La testimonianza di Maria das Graças, Volontaria dell’Immacolata padre Kolbe brasiliana
La mia prima visita al campo di concentramento di Auschwitz con la guida e altre persone è stato molto bella ma ho sentito il bisogno di ritornare alla cella del padre Kolbe da sola. Desideravo stare lì, in silenzio e sentire più intensamente la sua presenza. Volevo ricordare il suo gesto, l’offerta totale, il suo sacrificio supremo, pensare alle sue ceneri che sparse nel campo di concentramento avevano trasformato quel posto di sofferenza e angustia in un luogo di pace e resurrezione. In quel momento, davanti alla sua cella, ho potuto conversare con lui, parlare della mia gioia di stare lì, sentendo la sua presenza. L’emozione è stata molto forte, sembrava che il mio cuore stesse per esplodere.
In quel momento ho pianto. Pianto e pregato. Ho pregato per tutte quelle persone che, in un modo o nell’altro, mi hanno aiutata a conoscere e amare questo santo che un giorno ha trasformato radicalmente la mia vita. In quei pochi minuti di fronte alla sua cella ho fatto memoria di tutto ciò che avevo ascoltato sul suo conto: la sua debolezza causata dalla malattia, in contrasto con la sua forza interiore che ha reso meno pesante la sua sofferenza e il dolore dei suoi compagni prigionieri nel campo di concentramento.

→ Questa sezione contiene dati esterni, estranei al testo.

lemma qbinomial_sum_cong_X_euler_terms:
  "cong_X (Suc n) (\<Sum>i\<le>n. fps_X^i * (fps_X^2)^(i choose 2) * qbinomial (fps_X^2 :: fps2) n i)
     (1 + (\<Sum>j\<in>c11_indices n. euler_term j))"
proof -
  let ?S = "insert 0 (c11_indices n)"
  have "cong_X (Suc n) (fps_X^i * (fps_X^2)^(i choose 2) * qbinomial (fps_X^2) n i)
      (if i \<in> ?S then euler_term i else 0)" if "i \<le> n" for i
  proof (cases "i \<in> ?S")
    case False
    then have "2 \<le> i" "n + 1 < 2 * i"
      using that unfolding c11_indices_def by auto
    then have "Suc n \<le> i * i"
      using mult_le_mono1[of 2 i i] by linarith
    then show ?thesis
      using False cong_X_trans[OF cong_X_euler_term[OF that] cong_X_euler_term_0] by simp
  qed (use cong_X_euler_term[OF that] in simp)
  then have "cong_X (Suc n) (\<Sum>i\<le>n. fps_X^i * (fps_X^2)^(i choose 2) * qbinomial (fps_X^2) n i)
      (\<Sum>i\<le>n. if i \<in> ?S then euler_term i else 0)"
    by (intro cong_X_sum) simp
  also have "?S \<subseteq> {..n}"
    by (auto simp: c11_indices_def)
  then have "(\<Sum>i\<le>n. if i \<in> ?S then euler_term i else 0) = (\<Sum>i\<in>?S. euler_term i)"
    unfolding sum.inter_restrict[OF finite_atMost, symmetric] by (simp add: Int_absorb1)
  also have "\<dots> = euler_term 0 + (\<Sum>j\<in>c11_indices n. euler_term j)"
    by (rule sum.insert[OF finite_c11_indices]) (simp add: c11_indices_def)
  also have "euler_term 0 = 1"
    by (simp add: euler_term_def)
  finally show ?thesis .
qed

text \<open>Euler's identity \<open>\<Sum>_j q^(j^2)/(q^2;q^2)_j = \<Prod>_k (1 + q^(2k+1))\<close> modulo 2, truncated at
  order \<open>n\<close>; it is the \<open>q \<mapsto> X^2\<close>, \<open>a = X\<close> case of the \<open>q\<close>-binomial theorem.\<close>

theorem euler_identity_cong_X:
  "cong_X (Suc n) (\<Sum>j\<in>c11_indices n. euler_term j) (prodX (odds_upto n) + 1)"
proof -
  have "(\<Sum>i\<le>n. fps_X^i * (fps_X^2)^(i choose 2) * qbinomial (fps_X^2 :: fps2) n i)
      = (\<Prod>k<n. 1 + fps_X * (fps_X^2 :: fps2)^k)"
    by (rule qbinomial_theorem[symmetric])
  also have "\<dots> = prodX ((\<lambda>k. 2 * k + 1) ` {..<n})"
    by (subst prodX_image) (auto simp: inj_on_def power_add mult.commute simp flip: power_mult)
  also have "cong_X (Suc n) \<dots> (prodX (odds_upto n))"
    by (rule cong_X_prodX) (auto simp: odds_upto_def elim!: oddE)
  finally have "cong_X (Suc n) (1 + (\<Sum>j\<in>c11_indices n. euler_term j)) (prodX (odds_upto n))"
    using qbinomial_sum_cong_X_euler_terms by (blast intro: cong_X_trans cong_X_sym)
  from cong_X_add[OF this cong_X_refl[of _ 1]] show ?thesis
    by (simp add: ac_simps)
qed

lemma cong_X_odds_geometric_mult_evens:
  "cong_X (Suc n) (odds_geometric n * prodX (multiples_upto 2 n)) (euler_product n ^ 3)"
proof -
  have Og_Phi: "odds_geometric n * euler_product n = prodX (multiples_upto 2 n)"
    using odds_geometric_mult[of n] by (simp add: euler_product_split mult.assoc[symmetric])
  have "cong_X (Suc n) (odds_geometric n * prodX (multiples_upto 2 n)) (odds_geometric n * euler_product n ^ 2)"
    by (intro cong_X_mult cong_X_refl cong_X_prodX_evens)
  also have "odds_geometric n * euler_product n ^ 2 = prodX (multiples_upto 2 n) * euler_product n"
    using Og_Phi by (simp add: power2_eq_square mult.assoc[symmetric])
  also have "cong_X (Suc n) \<dots> (euler_product n ^ 2 * euler_product n)"
    by (intro cong_X_mult cong_X_refl cong_X_prodX_evens)
  finally show ?thesis
    by (simp add: power2_eq_square power3_eq_cube)
qed

lemma cong_X_sum_c11_gf:
  "cong_X (Suc n) (\<Sum>j\<in>c11_indices n. \<Prod>k\<in>{1..n}. mults_gf (c11_mults j) k :: fps2)
     (odds_geometric n * prodX (multiples_upto 2 n) * (prodX (odds_upto n) + 1))"
proof -
  let ?E = "prodX (multiples_upto 2 n)"
  have "cong_X (Suc n) (\<Sum>j\<in>c11_indices n. \<Prod>k\<in>{1..n}. mults_gf (c11_mults j) k :: fps2)
      (\<Sum>j\<in>c11_indices n. odds_geometric n * ?E * euler_term j)"
  proof (rule cong_X_sum)
    fix j assume j: "j \<in> c11_indices n"
    have "cong_X (Suc n) (fps_X^(j * j) * odds_geometric n * prodX (large_evens n j))
        (fps_X^(j * j) * odds_geometric n * (?E * inverse (qpochhammer (fps_X^2) j)))"
      by (intro cong_X_mult cong_X_refl cong_X_prodX_large_evens)
    then show "cong_X (Suc n) (\<Prod>k\<in>{1..n}. mults_gf (c11_mults j) k) (odds_geometric n * ?E * euler_term j)"
      unfolding prod_mults_gf_c11_mults[OF j] euler_term_def by (simp add: mult_ac)
  qed
  also have "(\<Sum>j\<in>c11_indices n. odds_geometric n * ?E * euler_term j)
      = odds_geometric n * ?E * (\<Sum>j\<in>c11_indices n. euler_term j)"
    by (simp add: sum_distrib_left)
  also have "cong_X (Suc n) \<dots> (odds_geometric n * ?E * (prodX (odds_upto n) + 1))"
    by (intro cong_X_mult cong_X_refl euler_identity_cong_X)
  finally show ?thesis .
qed

text \<open>With \<open>O\<close>, \<open>E\<close> the products over odd and even parts, the sum over \<open>j\<close> is \<open>E (1 + 1/O)\<close>;
  since \<open>E \<equiv> \<Phi>\<^sup>2\<close> and \<open>O E = \<Phi>\<close> modulo 2, this is \<open>\<Phi>\<^sup>2 + \<Phi>\<^sup>3\<close>.\<close>

theorem c11_mod_2: "(of_nat (c11 n) :: bit) = (euler_product n ^ 2) $ n + (euler_product n ^ 3) $ n"
proof -
  let ?E = "prodX (multiples_upto 2 n)"
  note cong_X_sum_c11_gf
  also have "odds_geometric n * ?E * (prodX (odds_upto n) + 1) = ?E + odds_geometric n * ?E"
    using odds_geometric_mult[of n] by (simp add: algebra_simps)
  also have "cong_X (Suc n) \<dots> (euler_product n ^ 2 + euler_product n ^ 3)"
    by (intro cong_X_add cong_X_prodX_evens cong_X_odds_geometric_mult_evens)
  finally have "cong_X (Suc n) (\<Sum>j\<in>c11_indices n. \<Prod>k\<in>{1..n}. mults_gf (c11_mults j) k)
      (euler_product n ^ 2 + euler_product n ^ 3)" .
  from cong_X_nth[OF this, of n] show ?thesis
    unfolding of_nat_c11_eq by (simp add: fps_sum_nth)
qed

lemma even_c11: "n mod 11 \<in> {5, 7, 9} \<Longrightarrow> even (c11 n)"
  using c11_mod_2[of n] euler_product_square_nth_eq_0 euler_product_cube_nth_eq_0
  by (simp flip: even_of_nat_iff[where 'a=bit])

theorem mainTheorem12:
  fixes n :: nat
  shows "even (c11 (11 * n + 5)) \<and> even (c11 (11 * n + 7)) \<and> even (c11 (11 * n + 9))"
  by (intro conjI even_c11) simp_all

end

Ho ricordato il suo gesto d’amore, la “trasformazione” della cella della morte in un luogo di preghiere e canti, sentivo dentro di me come un fuoco. Nella mia camera, al rientro al Centro di Harmęże, ho pianto. Sono passata più volte di fronte al campo di concentramento di Auschwitz, nel pomeriggio c’era sempre un tramonto meraviglioso.
Ho pensato che migliaia di vite sono state sacrificate per risorgere alla vita, quella vera, dove non c’è più dolore. Ritorno in Brasile con questo fuoco d’amore che brucia nel cuore. Un fuoco che mi dà il coraggio di testimoniare a tutti che solo l’amore crea e salva l’uomo.